### WORK INSTRUCTIONS
Once you find the line with "text \<open>A digraph" in the data that follows, repeat it and every line after it exactly, through the line with "fst e \<in>".

### EXTRACTED ENTRIES
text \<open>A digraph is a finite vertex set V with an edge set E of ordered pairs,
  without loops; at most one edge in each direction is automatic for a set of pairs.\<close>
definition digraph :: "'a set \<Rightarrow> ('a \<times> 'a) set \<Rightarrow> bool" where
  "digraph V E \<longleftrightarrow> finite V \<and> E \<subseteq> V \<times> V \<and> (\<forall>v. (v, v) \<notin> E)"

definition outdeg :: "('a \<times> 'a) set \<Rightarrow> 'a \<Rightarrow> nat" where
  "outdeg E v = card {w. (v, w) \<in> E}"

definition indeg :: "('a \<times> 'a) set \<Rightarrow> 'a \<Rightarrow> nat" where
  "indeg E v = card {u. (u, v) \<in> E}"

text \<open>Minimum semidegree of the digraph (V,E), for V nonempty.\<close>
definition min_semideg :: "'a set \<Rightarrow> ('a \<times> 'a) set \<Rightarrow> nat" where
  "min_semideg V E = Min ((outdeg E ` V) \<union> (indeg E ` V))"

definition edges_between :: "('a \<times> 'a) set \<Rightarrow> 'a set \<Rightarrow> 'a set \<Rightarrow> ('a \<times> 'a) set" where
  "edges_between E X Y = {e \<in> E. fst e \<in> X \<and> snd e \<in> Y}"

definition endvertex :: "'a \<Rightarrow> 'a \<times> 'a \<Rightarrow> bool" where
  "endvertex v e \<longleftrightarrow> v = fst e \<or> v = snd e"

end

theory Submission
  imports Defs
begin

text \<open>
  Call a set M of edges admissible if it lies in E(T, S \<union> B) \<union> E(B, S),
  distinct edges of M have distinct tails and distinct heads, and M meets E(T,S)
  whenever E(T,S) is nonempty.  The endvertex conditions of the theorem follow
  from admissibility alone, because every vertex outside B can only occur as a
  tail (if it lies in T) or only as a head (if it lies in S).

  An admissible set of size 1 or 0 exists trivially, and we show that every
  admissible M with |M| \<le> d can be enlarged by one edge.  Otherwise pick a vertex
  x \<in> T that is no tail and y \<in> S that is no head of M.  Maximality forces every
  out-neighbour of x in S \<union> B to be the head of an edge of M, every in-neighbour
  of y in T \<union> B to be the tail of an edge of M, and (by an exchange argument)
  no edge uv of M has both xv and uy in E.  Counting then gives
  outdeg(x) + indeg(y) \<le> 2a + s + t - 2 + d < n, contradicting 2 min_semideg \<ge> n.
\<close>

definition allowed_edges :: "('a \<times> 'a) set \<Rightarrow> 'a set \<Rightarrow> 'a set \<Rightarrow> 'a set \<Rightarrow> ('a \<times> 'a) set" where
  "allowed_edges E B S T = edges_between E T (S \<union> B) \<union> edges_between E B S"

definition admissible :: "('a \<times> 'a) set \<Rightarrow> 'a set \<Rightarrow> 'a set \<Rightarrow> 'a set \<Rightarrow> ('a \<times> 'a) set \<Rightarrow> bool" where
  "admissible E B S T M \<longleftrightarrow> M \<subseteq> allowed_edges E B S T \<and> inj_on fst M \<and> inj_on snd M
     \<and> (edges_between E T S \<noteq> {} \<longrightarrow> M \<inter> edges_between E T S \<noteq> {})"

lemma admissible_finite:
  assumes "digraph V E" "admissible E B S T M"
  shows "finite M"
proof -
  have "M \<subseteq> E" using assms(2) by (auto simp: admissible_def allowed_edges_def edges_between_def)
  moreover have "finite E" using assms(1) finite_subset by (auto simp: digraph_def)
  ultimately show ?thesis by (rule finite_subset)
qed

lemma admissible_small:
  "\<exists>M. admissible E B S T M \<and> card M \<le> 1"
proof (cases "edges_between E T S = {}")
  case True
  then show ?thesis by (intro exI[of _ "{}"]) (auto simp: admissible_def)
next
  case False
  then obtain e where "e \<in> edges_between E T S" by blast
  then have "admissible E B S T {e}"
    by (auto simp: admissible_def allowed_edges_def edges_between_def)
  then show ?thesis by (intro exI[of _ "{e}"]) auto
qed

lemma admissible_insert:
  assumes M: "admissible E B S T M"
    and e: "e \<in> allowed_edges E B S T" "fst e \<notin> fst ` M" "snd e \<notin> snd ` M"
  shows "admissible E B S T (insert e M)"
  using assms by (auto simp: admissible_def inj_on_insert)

==

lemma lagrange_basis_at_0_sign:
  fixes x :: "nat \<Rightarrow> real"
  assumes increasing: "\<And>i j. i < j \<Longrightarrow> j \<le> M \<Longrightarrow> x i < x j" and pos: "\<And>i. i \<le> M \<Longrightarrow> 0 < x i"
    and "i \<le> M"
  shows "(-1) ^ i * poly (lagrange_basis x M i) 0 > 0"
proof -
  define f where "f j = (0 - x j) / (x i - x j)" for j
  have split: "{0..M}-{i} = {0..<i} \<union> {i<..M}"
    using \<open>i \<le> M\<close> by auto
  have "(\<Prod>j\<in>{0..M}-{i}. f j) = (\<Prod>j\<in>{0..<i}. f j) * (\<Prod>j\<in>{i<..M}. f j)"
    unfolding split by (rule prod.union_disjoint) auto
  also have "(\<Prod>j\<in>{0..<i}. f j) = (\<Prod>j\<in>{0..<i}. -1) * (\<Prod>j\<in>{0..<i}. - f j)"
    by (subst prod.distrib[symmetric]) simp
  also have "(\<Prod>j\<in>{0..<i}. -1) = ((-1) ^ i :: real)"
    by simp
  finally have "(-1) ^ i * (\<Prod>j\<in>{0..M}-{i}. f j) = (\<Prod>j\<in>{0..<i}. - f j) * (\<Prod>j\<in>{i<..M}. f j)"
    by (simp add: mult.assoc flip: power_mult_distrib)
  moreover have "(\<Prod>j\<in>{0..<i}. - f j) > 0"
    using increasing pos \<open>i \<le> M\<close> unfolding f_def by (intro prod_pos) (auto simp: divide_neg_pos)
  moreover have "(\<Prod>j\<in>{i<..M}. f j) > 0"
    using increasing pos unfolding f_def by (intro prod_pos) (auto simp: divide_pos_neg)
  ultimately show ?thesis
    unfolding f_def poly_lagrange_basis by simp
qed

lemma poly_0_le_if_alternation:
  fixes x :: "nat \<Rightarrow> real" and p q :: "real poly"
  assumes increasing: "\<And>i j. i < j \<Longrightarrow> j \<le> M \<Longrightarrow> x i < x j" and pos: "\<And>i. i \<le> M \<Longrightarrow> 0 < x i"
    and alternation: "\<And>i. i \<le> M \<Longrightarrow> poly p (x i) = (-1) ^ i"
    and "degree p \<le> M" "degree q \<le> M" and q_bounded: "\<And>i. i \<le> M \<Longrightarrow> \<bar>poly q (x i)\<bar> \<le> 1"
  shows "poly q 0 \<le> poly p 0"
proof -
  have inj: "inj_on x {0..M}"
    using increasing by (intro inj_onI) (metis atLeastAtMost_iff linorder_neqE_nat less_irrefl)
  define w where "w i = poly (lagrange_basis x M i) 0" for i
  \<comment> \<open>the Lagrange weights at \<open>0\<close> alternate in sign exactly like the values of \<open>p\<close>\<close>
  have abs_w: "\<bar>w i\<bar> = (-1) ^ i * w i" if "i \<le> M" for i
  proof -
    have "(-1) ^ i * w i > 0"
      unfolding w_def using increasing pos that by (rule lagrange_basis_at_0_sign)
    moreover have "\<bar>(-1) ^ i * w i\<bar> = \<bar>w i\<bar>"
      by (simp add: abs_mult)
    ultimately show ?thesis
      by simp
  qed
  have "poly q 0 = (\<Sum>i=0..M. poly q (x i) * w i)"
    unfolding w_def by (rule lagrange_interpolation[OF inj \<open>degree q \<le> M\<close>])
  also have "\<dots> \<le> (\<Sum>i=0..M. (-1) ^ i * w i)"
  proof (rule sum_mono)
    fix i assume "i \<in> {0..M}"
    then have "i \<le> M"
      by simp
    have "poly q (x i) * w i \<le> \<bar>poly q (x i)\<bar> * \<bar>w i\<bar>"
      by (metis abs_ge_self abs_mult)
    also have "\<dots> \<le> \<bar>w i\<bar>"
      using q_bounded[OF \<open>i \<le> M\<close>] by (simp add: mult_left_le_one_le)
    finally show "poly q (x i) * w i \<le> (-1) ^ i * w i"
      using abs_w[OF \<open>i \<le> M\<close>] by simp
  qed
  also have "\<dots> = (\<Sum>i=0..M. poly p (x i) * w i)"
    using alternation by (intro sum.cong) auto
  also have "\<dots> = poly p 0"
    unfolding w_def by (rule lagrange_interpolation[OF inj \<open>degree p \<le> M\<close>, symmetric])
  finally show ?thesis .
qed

### YOUR RESPONSE
text \<open>A digraph is a finite vertex set V with an edge set E of ordered pairs,
  without loops; at most one edge in each direction is automatic for a set of pairs.\<close>
definition digraph :: "'a set \<Rightarrow> ('a \<times> 'a) set \<Rightarrow> bool" where
  "digraph V E \<longleftrightarrow> finite V \<and> E \<subseteq> V \<times> V \<and> (\<forall>v. (v, v) \<notin> E)"

definition outdeg :: "('a \<times> 'a) set \<Rightarrow> 'a \<Rightarrow> nat" where
  "outdeg E v = card {w. (v, w) \<in> E}"

definition indeg :: "('a \<times> 'a) set \<Rightarrow> 'a \<Rightarrow> nat" where
  "indeg E v = card {u. (u, v) \<in> E}"

text \<open>Minimum semidegree of the digraph (V,E), for V nonempty.\<close>
definition min_semideg :: "'a set \<Rightarrow> ('a \<times> 'a) set \<Rightarrow> nat" where
  "min_semideg V E = Min ((outdeg E ` V) \<union> (indeg E ` V))"

definition edges_between :: "('a \<times> 'a) set \<Rightarrow> 'a set \<Rightarrow> 'a set \<Rightarrow> ('a \<times> 'a) set" where
  "edges_between E X Y = {e \<in> E. fst e \<in> X \<and> snd e \<in> Y}"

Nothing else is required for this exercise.